MAC Vectors Connector Overview
MAC Vectors provides access to a broad number of external Vector Stores and Databases. It is built to be leveraged by the MAC Projects AI Connector (Amazon Bedrock, MuleSoft AI Chain & Einstein AI)
What is MAC Vectors Connector?
MAC Vectors is a custom connector for MuleSoft, to provide MuleSoft users access to Vector Databases.
Supported Vector Stores
The MAC Vectors connector supports the following embedding stores.
- Azure AI Search (opens in a new tab) (Microsoft): Cloud-based AI-powered search with semantic search capabilities.
- Chroma (opens in a new tab) (Open Source): Open-source vector database for AI and embeddings management.
- Elasticsearch (opens in a new tab) (Elastic): Scalable search engine for structured/unstructured data and analytics.
- Milvus (opens in a new tab) (Zilliz): Vector database optimized for similarity search and AI workloads.
- Amazon OpenSearch (opens in a new tab) (Amazon Web Services): Managed search service for full-text, structured data queries.
- PGVector (opens in a new tab) (Open Source): PostgreSQL extension for storing and querying vector embeddings.
- Pinecone (opens in a new tab) (Pinecone): Scalable vector database with high-speed similarity search capabilities.
- Qdrant (opens in a new tab) (Qdrant): Vector database with advanced filtering for semantic search applications.
Supported Model Providers
The MAC Vectors connector supports the following model providers to generate embeddings.
- Azure OpenAI (opens in a new tab) (Microsoft): Managed access to OpenAI models through Azure's cloud platform.
- Einstein (opens in a new tab) (Salesforce): AI platform integrated into Salesforce for CRM automation and insights.
- OpenAI (opens in a new tab) (OpenAI): Developer of advanced AI models like GPT and DALL·E for diverse applications.

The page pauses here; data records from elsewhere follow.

section \<open>Pairs of subsets with a given overlap\<close>

lemma card_subsets_Int_card:
  assumes U: "finite U" and S: "S \<subseteq> U" "card S = m" and k: "k \<le> m"
  shows "card {T. T \<subseteq> U \<and> card T = m \<and> card (S \<inter> T) = k} = (m choose k) * ((card U - m) choose (m - k))"
proof -
  have fS: "finite S" using U S finite_subset by blast
  have "bij_betw (\<lambda>(A, B). A \<union> B) ({A. A \<subseteq> S \<and> card A = k} \<times> {B. B \<subseteq> U - S \<and> card B = m - k})
          {T. T \<subseteq> U \<and> card T = m \<and> card (S \<inter> T) = k}"
  proof (rule bij_betwI[where g="\<lambda>T. (S \<inter> T, T - S)"])
    have "card (A \<union> B) = m" if "A \<subseteq> S" "card A = k" "B \<subseteq> U - S" "card B = m - k" for A B
      using that k card_Un_disjoint[of A B] finite_subset[OF _ fS] finite_subset[of B U] U by auto
    moreover have "S \<inter> (A \<union> B) = A" if "A \<subseteq> S" "B \<subseteq> U - S" for A B
      using that by auto
    ultimately show "(\<lambda>(A, B). A \<union> B) \<in> {A. A \<subseteq> S \<and> card A = k} \<times> {B. B \<subseteq> U - S \<and> card B = m - k}
        \<rightarrow> {T. T \<subseteq> U \<and> card T = m \<and> card (S \<inter> T) = k}"
      using S by auto
    have "card (T - S) = m - k" if "T \<subseteq> U" "card T = m" "card (S \<inter> T) = k" for T
      using that card_Diff_subset_Int[of T S] finite_subset[OF _ U] by (simp add: Int_commute)
    then show "(\<lambda>T. (S \<inter> T, T - S)) \<in> {T. T \<subseteq> U \<and> card T = m \<and> card (S \<inter> T) = k}
        \<rightarrow> {A. A \<subseteq> S \<and> card A = k} \<times> {B. B \<subseteq> U - S \<and> card B = m - k}"
      by auto
  qed auto
  then have "card {T. T \<subseteq> U \<and> card T = m \<and> card (S \<inter> T) = k}
      = card {A. A \<subseteq> S \<and> card A = k} * card {B. B \<subseteq> U - S \<and> card B = m - k}"
    by (simp add: bij_betw_same_card[symmetric] card_cartesian_product)
  also have "\<dots> = (m choose k) * ((card U - m) choose (m - k))"
    using n_subsets[OF fS, of k] n_subsets[of "U - S" "m - k"] U S fS by (simp add: card_Diff_subset)
  finally show ?thesis .
qed

lemma sum_subsets_by_card_Int:
  fixes f :: "nat \<Rightarrow> 'b::comm_semiring_1"
  assumes U: "finite U" and S: "S \<subseteq> U" "card S = m"
  shows "(\<Sum>T | T \<subseteq> U \<and> card T = m. f (card (S \<inter> T)))
       = (\<Sum>k\<le>m. of_nat (m choose k) * of_nat ((card U - m) choose (m - k)) * f k)"
proof -
  have "card (S \<inter> T) \<le> m" for T
    using S U by (metis card_mono finite_subset inf_le1)
  then have "(\<Sum>T | T \<subseteq> U \<and> card T = m. f (card (S \<inter> T)))
      = (\<Sum>k\<le>m. \<Sum>T | T \<subseteq> U \<and> card T = m \<and> card (S \<inter> T) = k. f k)"
    using U by (subst sum.group[symmetric, of _ "{..m}" "\<lambda>T. card (S \<inter> T)"]) (auto intro!: sum.cong)
  also have "\<dots> = (\<Sum>k\<le>m. of_nat (m choose k) * of_nat ((card U - m) choose (m - k)) * f k)"
    using card_subsets_Int_card[OF U S] by (simp flip: of_nat_mult)
  finally show ?thesis .
qed

lemma bij_betw_sorted_list_of_set:
  "finite S \<Longrightarrow> card S = m \<Longrightarrow> bij_betw ((!) (sorted_list_of_set S)) {..<m} S"
  by (rule bij_betw_nth) simp_all

text \<open>Two m-subsets meeting in c points are laid out on the coordinates below 2m - c: the
  shared points first (below c), then the rest of the first subset (c..<m), then the rest of
  the second (m..<2m-c). The map overlap_idx m c enumerates the second subset.\<close>

definition overlap_idx :: "nat \<Rightarrow> nat \<Rightarrow> nat \<Rightarrow> nat" where
  "overlap_idx m c k = (if k < c then k else k + (m - c))"

lemma bij_betw_overlap_idx:
  assumes "c \<le> m"
  shows "bij_betw (overlap_idx m c) {..<m} ({..<c} \<union> {m..<2*m - c})"
proof -
  have "overlap_idx m c ` {..<m} = {..<c} \<union> {m..<2*m - c}"
  proof (intro equalityI subsetI)
    fix k assume "k \<in> {..<c} \<union> {m..<2*m - c}"
    then have "k = overlap_idx m c (if k < c then k else k - (m - c))"
      and "(if k < c then k else k - (m - c)) \<in> {..<m}"
      using assms by (auto simp: overlap_idx_def)
    then show "k \<in> overlap_idx m c ` {..<m}" by blast
  qed (use assms in \<open>auto simp: overlap_idx_def\<close>)
  moreover have "inj_on (overlap_idx m c) {..<m}"
    by (auto simp: inj_on_def overlap_idx_def)
  ultimately show ?thesis by (simp add: bij_betw_def)
qed

lemma overlap_idx_less: "c \<le> m \<Longrightarrow> k < m \<Longrightarrow> overlap_idx m c k < 2*m - c"
  by (simp add: overlap_idx_def, arith)

lemma obtain_overlap_enumeration:
  assumes S: "finite S" "card S = m" and T: "finite T" "card T = m"
  obtains \<phi> where "bij_betw \<phi> {..<2*m - card (S \<inter> T)} (S \<union> T)" "bij_betw \<phi> {..<m} S"
    "bij_betw (\<phi> \<circ> overlap_idx m (card (S \<inter> T))) {..<m} T"
proof -
  define c where "c = card (S \<inter> T)"
  have c: "c \<le> m" unfolding c_def using S by (metis card_mono inf_le1)
  have "card (S - T) = m - c" "card (T - S) = m - c"
    using card_Diff_subset_Int[of S T] card_Diff_subset_Int[of T S] S T
    by (simp_all add: c_def Int_commute)
  then obtain f1 f2 f3 where f1: "bij_betw f1 {..<c} (S \<inter> T)" and f2: "bij_betw f2 {c..<m} (S - T)"
    and f3: "bij_betw f3 {m..<2*m - c} (T - S)"
    using finite_same_card_bij[of "{..<c}" "S \<inter> T"] finite_same_card_bij[of "{c..<m}" "S - T"]
      finite_same_card_bij[of "{m..<2*m - c}" "T - S"] S T c
    by (auto simp: c_def)
  define \<phi> where "\<phi> k = (if k < c then f1 k else if k < m then f2 k else f3 k)" for k
  have b1: "bij_betw \<phi> {..<c} (S \<inter> T)"
    using f1 by (subst bij_betw_cong[where g=f1]) (auto simp: \<phi>_def)
  have b2: "bij_betw \<phi> {c..<m} (S - T)"
    using f2 by (subst bij_betw_cong[where g=f2]) (auto simp: \<phi>_def)
  have b3: "bij_betw \<phi> {m..<2*m - c} (T - S)"
    using f3 by (subst bij_betw_cong[where g=f3]) (auto simp: \<phi>_def)
  have "bij_betw \<phi> ({..<c} \<union> {c..<m}) (S \<inter> T \<union> (S - T))"
    by (rule bij_betw_combine[OF b1 b2]) auto
  moreover have "{..<c} \<union> {c..<m} = {..<m}" "S \<inter> T \<union> (S - T) = S"
    using c by auto
  ultimately have bS: "bij_betw \<phi> {..<m} S" by simp
  have "bij_betw \<phi> ({..<m} \<union> {m..<2*m - c}) (S \<union> (T - S))"
    by (rule bij_betw_combine[OF bS b3]) auto
  moreover have "{..<m} \<union> {m..<2*m - c} = {..<2*m - c}" "S \<union> (T - S) = S \<union> T"
    using c by auto
  ultimately have bU: "bij_betw \<phi> {..<2*m - c} (S \<union> T)" by simp
  have "bij_betw \<phi> ({..<c} \<union> {m..<2*m - c}) (S \<inter> T \<union> (T - S))"
    by (rule bij_betw_combine[OF b1 b3]) auto
  moreover have "S \<inter> T \<union> (T - S) = T" by auto
  ultimately have "bij_betw (\<phi> \<circ> overlap_idx m c) {..<m} T"
    using bij_betw_trans[OF bij_betw_overlap_idx[OF c]] by simp
  with bU bS show thesis by (intro that) (simp_all add: c_def)
qed

lemma integrable_mult_square_integrable:
  fixes f g :: "'a \<Rightarrow> real"
  assumes "f \<in> borel_measurable M" "g \<in> borel_measurable M"
    and "integrable M (\<lambda>x. (f x)\<^sup>2)" "integrable M (\<lambda>x. (g x)\<^sup>2)"
  shows "integrable M (\<lambda>x. f x * g x)"
proof (rule Bochner_Integration.integrable_bound)
  show "integrable M (\<lambda>x. (f x)\<^sup>2 + (g x)\<^sup>2)"
    using assms by simp
  have "\<bar>a * b\<bar> \<le> a\<^sup>2 + b\<^sup>2" for a b :: real
  proof -
    have "2 * (\<bar>a\<bar> * \<bar>b\<bar>) \<le> a\<^sup>2 + b\<^sup>2"
      using sum_squares_bound[of "\<bar>a\<bar>" "\<bar>b\<bar>"] by (simp add: mult.assoc)
    moreover have "0 \<le> \<bar>a\<bar> * \<bar>b\<bar>" by simp
    ultimately show ?thesis unfolding abs_mult by linarith
  qed
  then show "AE x in M. norm (f x * g x) \<le> norm ((f x)\<^sup>2 + (g x)\<^sup>2)"
    by simp
qed (use assms in measurable)

lemma (in prob_space) expectation_sum_square:
  fixes Y :: "'i \<Rightarrow> 'a \<Rightarrow> real"
  assumes "\<And>i j. i \<in> I \<Longrightarrow> j \<in> I \<Longrightarrow> integrable M (\<lambda>x. Y i x * Y j x)"
  shows "integrable M (\<lambda>x. (\<Sum>i\<in>I. Y i x)\<^sup>2)"
    and "expectation (\<lambda>x. (\<Sum>i\<in>I. Y i x)\<^sup>2) = (\<Sum>i\<in>I. \<Sum>j\<in>I. expectation (\<lambda>x. Y i x * Y j x))"
  using assms by (simp_all add: power2_eq_square sum_product)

- Mistral AI (opens in a new tab) (Mistral): Open-weight LLMs optimized for efficiency and customization in AI projects.
- Nomic (opens in a new tab) (Nomic): Tools for understanding and visualizing large datasets with embeddings and AI.
- Hugging Face (opens in a new tab) (Hugging Face): Community-driven hub for machine learning models, datasets, and tools.
Supported Storage Options
- Local: Allows to load data from application local storage
- Azure Blob Storage (opens in a new tab): Allows to load data from Azure Blob Storage
- Amazon S3 (opens in a new tab): Allows to load data from Amazon S3 Buckets
- Google Cloud Storage (opens in a new tab): Allows to load data from Google Cloud Storage
Operations
The MAC Vectors connector offers a range of features to implement advanced RAG use cases:
- Load, parse and split single Document
- Load, parse and split list of Documents
- Generate Embeddings from text
- Generate Embeddings from document
- Add embeddings to Store
- List sources from Store
- Query Store
- Remove embeddings from Store
Table of Supported Operations by Store
Not all the operations are supported by each embedding store, following a detailed view.
Name | Storing Metadata | Filtering by Metadata | Removing Embeddings | List All Embeddings |
---|---|---|---|---|
Azure AI Search | ✅ | ✅ | ✅ | ✅ |
Chroma | ✅ | ✅ | ✅ | ✅ |
Elasticsearch | ✅ | ✅ | ✅ | ✅ |
Milvus | ✅ | ✅ | ✅ | ✅ |
Amazon OpenSearch | ✅ | ✅ | ✅ | |
PGVector | ✅ | ✅ | ✅ | ✅ |
Pinecone | ✅ | ✅ | ||
Qdrant | ✅ | ✅ | ✅ | ✅ |
Additional Integrations
MAC Vectors Connector integrates seamlessly with other MAC Projects AI Connectors and the MuleSoft ecosystem, offering enhanced functionalities.